The feedback from both groups has been positive and affirming, the organizers said. There are plans to expand the event next year since they were only able to visit four high schools, but had interest from 12.

In addition to the HSDIA and the Medical School’s Social Mission committee, the event was made possible by the support of Vanderbilt University Medical Center’s Office of Graduate Medical Education and the KLS Martin Group, a medical device company that donated eight skulls that students were able to keep at the conclusion of the event and 3D figures for demonstrations supplied by Cameron Henry, a fourth-year radiology resident.

Following the event Fakhoury received a message that one of the Maplewood students at the presentation decided that day to become a family medicine doctor and serve his community because he was motivated by the program.

“That’s what this event is all about — if you impact just one person, the number of people they’re going to go off and impact is endless,” Esianor said. “It makes spending two hours engaging with these students so worthwhile.”

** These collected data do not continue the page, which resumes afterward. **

text \<open>
  On each half of \<open>[-1, 1]\<close> the wavelet \<open>f\<^sub>k\<close> is a polynomial of degree \<open>< n\<close>, and the symmetry
  condition determines the left piece from the right one. For pairs of pieces of degrees \<open>< n\<close> and
  \<open>< m\<close> with \<open>|n - m| \<le> 1\<close>, the first \<open>n + m\<close> moments determine the pair: writing the moments in
  terms of the coefficients gives Cauchy-type systems \<open>\<Sum> c\<^sub>l / (l + z)\<close> at the nodes \<open>z = k + 1\<close>,
  which are non-singular. This yields existence and uniqueness of the type I functions \<open>Q\<^sub>n\<^sub>,\<^sub>m\<close> and
  of the type II polynomials \<open>P\<^sub>n\<^sub>,\<^sub>m\<close>.

  The moments of \<open>f\<^sub>k\<close> vanish below order \<open>k + n - 1\<close> and, by symmetry, at every order of the
  parity of \<open>k + n\<close>. The odd functions \<open>Q\<^sub>j\<^sub>,\<^sub>j\<close> have the same lacunary pattern starting at order
  \<open>2j - 1\<close>, and so do the combinations \<open>G\<^sub>j = Q\<^sub>j\<^sub>+\<^sub>1\<^sub>,\<^sub>j + (a\<^sub>j\<^sub>+\<^sub>1 / 2) Q\<^sub>j\<^sub>+\<^sub>1\<^sub>,\<^sub>j\<^sub>+\<^sub>1\<close> starting at order
  \<open>2j\<close>: since \<open>Q\<^sub>j\<^sub>,\<^sub>j\<^sub>+\<^sub>1\<close> is the mirror image of \<open>Q\<^sub>j\<^sub>+\<^sub>1\<^sub>,\<^sub>j\<close> and
  \<open>Q\<^sub>j\<^sub>,\<^sub>j\<^sub>+\<^sub>1 - Q\<^sub>j\<^sub>+\<^sub>1\<^sub>,\<^sub>j = a\<^sub>j\<^sub>+\<^sub>1 Q\<^sub>j\<^sub>+\<^sub>1\<^sub>,\<^sub>j\<^sub>+\<^sub>1\<close> (the constant is identified with \<open>a\<^sub>j\<^sub>+\<^sub>1\<close> by
  pairing the corresponding relation between the \<open>P\<close>'s with \<open>Q\<^sub>j\<^sub>,\<^sub>j\<^sub>+\<^sub>1\<close>), the odd moments of \<open>G\<^sub>j\<close>
  cancel. Eliminating the moments of \<open>f\<^sub>k\<close> order by order against these functions expands \<open>f\<^sub>k\<close>
  in them.
\<close>

lemma mat_det_nonzero_iff_inj:
  fixes G :: "nat \<Rightarrow> nat \<Rightarrow> real"
  shows "Determinant.det (Matrix.mat N N (\<lambda>(i, k). G i k)) \<noteq> 0
         \<longleftrightarrow> (\<forall>y. (\<forall>i<N. (\<Sum>k<N. G i k * y k) = 0) \<longrightarrow> (\<forall>k<N. y k = 0))"
proof -
  define M where "M = Matrix.mat N N (\<lambda>(i, k). G i k)"
  have M: "M \<in> carrier_mat N N" unfolding M_def by simp
  have Mv: "M *\<^sub>v v = 0\<^sub>v N \<longleftrightarrow> (\<forall>i<N. (\<Sum>k<N. G i k * vec_index v k) = 0)"
    if "v \<in> carrier_vec N" for v
    using that unfolding M_def
    by (auto simp: vec_eq_iff mult_mat_vec_def scalar_prod_def lessThan_atLeast0 intro!: sum.cong)
  have "Determinant.det M = 0 \<longleftrightarrow> (\<exists>v. v \<in> carrier_vec N \<and> v \<noteq> 0\<^sub>v N \<and> M *\<^sub>v v = 0\<^sub>v N)"
    by (rule det_0_iff_vec_prod_zero[OF M])
  also have "\<dots> \<longleftrightarrow> (\<exists>y. (\<forall>i<N. (\<Sum>k<N. G i k * y k) = 0) \<and> \<not> (\<forall>k<N. y k = 0))"
  proof
    assume "\<exists>v. v \<in> carrier_vec N \<and> v \<noteq> 0\<^sub>v N \<and> M *\<^sub>v v = 0\<^sub>v N"
    then obtain v where "v \<in> carrier_vec N" "v \<noteq> 0\<^sub>v N" "M *\<^sub>v v = 0\<^sub>v N" by blast
    thus "\<exists>y. (\<forall>i<N. (\<Sum>k<N. G i k * y k) = 0) \<and> \<not> (\<forall>k<N. y k = 0)"
      using Mv by (intro exI[of _ "vec_index v"]) (auto simp: vec_eq_iff)
  next
    assume "\<exists>y. (\<forall>i<N. (\<Sum>k<N. G i k * y k) = 0) \<and> \<not> (\<forall>k<N. y k = 0)"
    then obtain y where "\<forall>i<N. (\<Sum>k<N. G i k * y k) = 0" "\<not> (\<forall>k<N. y k = 0)" by blast
    thus "\<exists>v. v \<in> carrier_vec N \<and> v \<noteq> 0\<^sub>v N \<and> M *\<^sub>v v = 0\<^sub>v N"
      using Mv[of "Matrix.vec N y"] by (intro exI[of _ "Matrix.vec N y"]) (auto simp: vec_eq_iff)
  qed
  finally show ?thesis unfolding M_def by blast
qed

lemma mat_det_nonzero_solvable:
  fixes G :: "nat \<Rightarrow> nat \<Rightarrow> real"
  assumes "Determinant.det (Matrix.mat N N (\<lambda>(i, k). G i k)) \<noteq> 0"
  shows "\<exists>y. \<forall>i<N. (\<Sum>k<N. G i k * y k) = b i"
proof -
  define M where "M = Matrix.mat N N (\<lambda>(i, k). G i k)"
  have M: "M \<in> carrier_mat N N" unfolding M_def by simp
  obtain M' where M': "M' \<in> carrier_mat N N" and MM': "M * M' = 1\<^sub>m N"
    using det_non_zero_imp_unit[OF M assms[folded M_def]] unfolding Units_def by (auto simp: ring_mat_def)
  define v where "v = M' *\<^sub>v Matrix.vec N b"
  have "M *\<^sub>v v = Matrix.vec N b"
    unfolding v_def using M M' MM' by (simp add: assoc_mult_mat_vec[symmetric])
  moreover have "vec_index (M *\<^sub>v v) i = (\<Sum>k<N. G i k * vec_index v k)" if "i < N" for i
    using that M' unfolding M_def v_def
    by (auto simp: mult_mat_vec_def scalar_prod_def lessThan_atLeast0 intro!: sum.cong)
  ultimately show ?thesis by (metis index_vec)
qed

lemma square_system_solvable:
  fixes G :: "nat \<Rightarrow> nat \<Rightarrow> real"
  assumes inj: "\<And>x. \<forall>k<N. (\<Sum>i<N. x i * G i k) = 0 \<Longrightarrow> \<forall>i<N. x i = 0"
  shows "\<And>b. \<exists>x. \<forall>k<N. (\<Sum>i<N. x i * G i k) = b k"
    and "\<And>y. \<forall>i<N. (\<Sum>k<N. G i k * y k) = 0 \<Longrightarrow> \<forall>k<N. y k = 0"
    and "\<And>b. \<exists>y. \<forall>i<N. (\<Sum>k<N. G i k * y k) = b i"
proof -
  have GT: "Determinant.det (Matrix.mat N N (\<lambda>(k, i). G i k)) \<noteq> 0"
    using inj unfolding mat_det_nonzero_iff_inj by (simp add: mult.commute)
  moreover have "Matrix.mat N N (\<lambda>(k, i). G i k) = transpose_mat (Matrix.mat N N (\<lambda>(i, k). G i k))"
    by auto
  ultimately have G: "Determinant.det (Matrix.mat N N (\<lambda>(i, k). G i k)) \<noteq> 0"
    using det_transpose[of "Matrix.mat N N (\<lambda>(i, k). G i k)" N] by simp
  show "\<exists>x. \<forall>k<N. (\<Sum>i<N. x i * G i k) = b k" for b
    using mat_det_nonzero_solvable[OF GT] by (simp add: mult.commute)
  show "\<forall>i<N. (\<Sum>k<N. G i k * y k) = 0 \<Longrightarrow> \<forall>k<N. y k = 0" for y
    using G unfolding mat_det_nonzero_iff_inj by blast
  show "\<exists>y. \<forall>i<N. (\<Sum>k<N. G i k * y k) = b i" for b
    using mat_det_nonzero_solvable[OF G] .
qed

definition poly_integral :: "real \<Rightarrow> real \<Rightarrow> real poly \<Rightarrow> real" where
  "poly_integral a b p = (\<Sum>i\<le>degree p. coeff p i * (b ^ Suc i - a ^ Suc i) / Suc i)"

lemma poly_integral_lessThan:
  assumes "degree p < N"
  shows "poly_integral a b p = (\<Sum>i<N. coeff p i * (b ^ Suc i - a ^ Suc i) / Suc i)"
  unfolding poly_integral_def
  by (rule sum.mono_neutral_left) (use assms in \<open>auto simp: coeff_eq_0\<close>)

lemma interval_integral_poly:
  assumes "a \<le> b"
  shows "(LBINT x=a..b. poly p x) = poly_integral a b p"
proof -
  define F where "F x = (\<Sum>i\<le>degree p. coeff p i * x ^ Suc i / Suc i)" for x :: real
  have F': "(F has_real_derivative poly p x) (at x within S)" for x S
  proof -
    have "((\<lambda>x. coeff p i * x ^ Suc i / Suc i) has_real_derivative coeff p i * x ^ i) (at x within S)" for i
      by (auto intro!: derivative_eq_intros simp del: power_Suc of_nat_Suc)
    hence "(F has_real_derivative (\<Sum>i\<le>degree p. coeff p i * x ^ i)) (at x within S)"
      unfolding F_def by (intro DERIV_sum)
    thus ?thesis by (simp add: poly_altdef)
  qed
  have "(LBINT x=a..b. poly p x) = F b - F a"
    by (rule interval_integral_FTC_finite)
      (auto intro: continuous_intros simp: has_real_derivative_iff_has_vector_derivative[symmetric] F')
  also have "\<dots> = poly_integral a b p" unfolding F_def poly_integral_def
    by (simp add: sum_subtractf[symmetric] diff_divide_distrib right_diff_distrib)
  finally show ?thesis .
qed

The Vanderbilt group also benefited.

“Medical training is extremely rigorous,” Esianor said. “It’s filled with lots of highs and some lows, unfortunately, but being able to go out and meet with these students and have an impact in a way that’s not necessarily part of our daily routine is refreshing for those of us who participated in the event. We got a lot of fulfillment out of being able to have a positive impact on this community of students.”